Have you “made it” yet? If not, what would have to happen for you to be able to say “Yes, wow. I have totally made it!”
I "made it" a long time ago when I decided exactly what it was that I wanted to do. Every moment I spend progressively pursuing that goal is "making it".
Honestly, how important are film critics nowadays?
I wouldn't know for sure, since this is my first film, but I'd assume they play an integral part in determining the future for my film.
You’re told that your next movie must have one “product placement” on board, but you can pick the product. What would it be?
Now that I've put Kreuz Market in my film (my favorite BBQ) I'm off of food. If I had to place another product in a film and I got to choose, I'd throw a nod to the Washington Redskins. Dan Snyder would definitely consider his team a product, so that counts.
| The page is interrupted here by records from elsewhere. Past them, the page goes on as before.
lemma pdist_greatest:
  fixes x y :: "'a::real_normed_field ^ 'n"
  assumes "\<And>c. norm c = 1 \<Longrightarrow> B \<le> N (x - c *s y)"
  shows "B \<le> pdist N x y"
  unfolding pdist_def by (rule cInf_greatest) (use assms in \<open>auto intro!: exI[of _ 1]\<close>)

lemma pdist_greatest_affine:
  fixes x y :: "'a::real_normed_field ^ 'n"
  assumes "0 \<le> K" and "\<And>c. norm c = 1 \<Longrightarrow> B \<le> K * N (x - c *s y) + E"
  shows "B \<le> K * pdist N x y + E"
proof (cases "K = 0")
  case True
  then show ?thesis using assms(2)[of 1] by simp
next
  case False
  then have K: "0 < K" using assms(1) by simp
  have "(B - E) / K \<le> pdist N x y"
    by (rule pdist_greatest) (use assms(2) K in \<open>simp add: field_simps\<close>)
  then show ?thesis using K by (simp add: field_simps)
qed

lemma pdist_norm_zero_right [simp]: "pdist norm x (0 :: 'a::real_normed_field ^ 'n) = norm x"
proof -
  have "(\<lambda>c. norm (x - c *s 0)) ` {c :: 'a. norm c = 1} = {norm x}"
    by (auto intro!: image_eqI[of _ _ 1])
  then show ?thesis by (simp add: pdist_def)
qed

lemma pdist_norm_triangle:
  fixes x y u v :: "'a::real_normed_field ^ 'n"
  shows "pdist norm y x \<le> pdist norm u v + (norm (y - u) + norm (x - v))"
proof -
  have "pdist norm y x \<le> 1 * pdist norm u v + (norm (y - u) + norm (x - v))"
  proof (rule pdist_greatest_affine)
    fix c :: 'a assume c: "norm c = 1"
    have "pdist norm y x \<le> norm (y - c *s x)" by (rule pdist_le) (simp_all add: c)
    also have "y - c *s x = (u - c *s v) + (y - u) - c *s (x - v)"
      by (simp add: vec_eq_iff algebra_simps)
    also have "norm \<dots> \<le> norm (u - c *s v) + norm (y - u) + norm (c *s (x - v))"
      by (rule order_trans[OF norm_triangle_ineq4 add_right_mono[OF norm_triangle_ineq]])
    also have "norm (c *s (x - v)) = norm (x - v)" by (rule norm_smult_unimodular[OF c])
    finally show "pdist norm y x \<le> 1 * norm (u - c *s v) + (norm (y - u) + norm (x - v))"
      by simp
  qed simp
  then show ?thesis by simp
qed

lemma sum_norm_diff_le_norm_diff:
  fixes x y u v :: "'a::real_normed_field ^ 'n"
  assumes "card T \<le> k" and "\<forall>i\<in>T. u $ i = y $ i" and "\<forall>i\<in>T. v $ i = x $ i"
  shows "(\<Sum>i\<in>T. norm (y $ i - c * x $ i)) \<le> sqrt k * norm (u - c *s v)"
proof -
  have "(\<Sum>i\<in>T. norm (y $ i - c * x $ i)) = (\<Sum>i\<in>T. norm ((u - c *s v) $ i))"
    using assms(2,3) by simp
  also have "\<dots> \<le> sqrt (card T) * norm (u - c *s v)"
    by (rule sum_norm_le_sqrt_card_norm)
  also have "\<dots> \<le> sqrt k * norm (u - c *s v)"
    using assms(1) by (intro mult_right_mono) auto
  finally show ?thesis .
qed

lemma l1_tail_le_cone:
  fixes x y u v :: "'a::real_normed_field ^ 'n"
  assumes l1: "l1norm y \<le> l1norm x"
    and T: "card T \<le> k" "\<forall>i\<in>T. u $ i = y $ i" "\<forall>i\<in>T. v $ i = x $ i"
  shows "(\<Sum>i\<in>-T. norm (y $ i)) \<le> sqrt k * pdist norm u v + (\<Sum>i\<in>-T. norm (x $ i))"
proof (rule pdist_greatest_affine)
  fix c :: 'a assume c: "norm c = 1"
  have "(\<Sum>i\<in>-T. norm (y $ i)) \<le> (\<Sum>i\<in>T. norm (x $ i) - norm (y $ i)) + (\<Sum>i\<in>-T. norm (x $ i))"
    using l1 l1norm_split[of y T] l1norm_split[of x T] by (simp add: sum_subtractf)
  also have "(\<Sum>i\<in>T. norm (x $ i) - norm (y $ i)) \<le> (\<Sum>i\<in>T. norm (y $ i - c * x $ i))"
  proof (rule sum_mono)
    fix i
    show "norm (x $ i) - norm (y $ i) \<le> norm (y $ i - c * x $ i)"
      using norm_triangle_ineq2[of "c * x $ i" "y $ i"] by (simp add: norm_mult c norm_minus_commute)
  qed
  also have "\<dots> \<le> sqrt k * norm (u - c *s v)"
    by (rule sum_norm_diff_le_norm_diff[OF T])
  finally show "(\<Sum>i\<in>-T. norm (y $ i)) \<le> sqrt k * norm (u - c *s v) + (\<Sum>i\<in>-T. norm (x $ i))"
    by simp
qed simp

lemma pdist_l1norm_le_cone:
  fixes x y u v :: "'a::real_normed_field ^ 'n"
  assumes T: "card T \<le> k" "\<forall>i\<in>T. u $ i = y $ i" "\<forall>i\<in>T. v $ i = x $ i"
  shows "pdist l1norm y x
           \<le> sqrt k * pdist norm u v + ((\<Sum>i\<in>-T. norm (y $ i)) + (\<Sum>i\<in>-T. norm (x $ i)))"
proof (rule pdist_greatest_affine)
  fix c :: 'a assume c: "norm c = 1"
  have "pdist l1norm y x \<le> l1norm (y - c *s x)"
    by (rule pdist_le) (simp_all add: l1norm_nonneg c)
  also have "\<dots> = (\<Sum>i\<in>T. norm (y $ i - c * x $ i)) + (\<Sum>i\<in>-T. norm (y $ i - c * x $ i))"
    using l1norm_split[of "y - c *s x" T] by simp
  also have "(\<Sum>i\<in>-T. norm (y $ i - c * x $ i)) \<le> (\<Sum>i\<in>-T. norm (y $ i) + norm (x $ i))"
  proof (rule sum_mono)
    fix i
    show "norm (y $ i - c * x $ i) \<le> norm (y $ i) + norm (x $ i)"
      using norm_triangle_ineq4[of "y $ i" "c * x $ i"] by (simp add: norm_mult c)
  qed
  also have "(\<Sum>i\<in>T. norm (y $ i - c * x $ i)) \<le> sqrt k * norm (u - c *s v)"
    by (rule sum_norm_diff_le_norm_diff[OF T])
  finally show "pdist l1norm y x
      \<le> sqrt k * norm (u - c *s v) + ((\<Sum>i\<in>-T. norm (y $ i)) + (\<Sum>i\<in>-T. norm (x $ i)))"
    by (simp add: sum.distrib)
qed simp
You’re contractually obligated to deliver an R-rated film to your producers. The MPAA says you have to delete a sex scene that’s absolutely integral to the film or you’re getting an NC-17. How do you handle it?
It doesn't seem as though I'd have much choice, but to comply. However, because I'd anticipated something like this happening, I negotiated with my producers a DVD "Director's Cut" for which I had final edit and a far more substantial cut of the backend.
What’s your take on the whole “a film by DIRECTOR” issue? Do you feel it’s tacky, because hundreds (or at least dozens) of people collaborate to make a film – or do you think it’s cool, because ultimately the director is the final word on pretty much everything?
I think one has a case for that credit if one is both the director and the producer (and certainly, if one is also the writer, editor, or both, as well). However, if one has only directed the film, I think it's ridiculous to give that person a "film by" credit.
Behind the Mask: The Rise of Leslie Vernon, starring Nathan Baesal, Angela Goethals, Robert Englund, Scott Wilson, and Zelda Rubinstein, will premiere at the 2006 South By Southwest Film Festival. Click here for festival information, and be sure to check out the official Behind the Mask website.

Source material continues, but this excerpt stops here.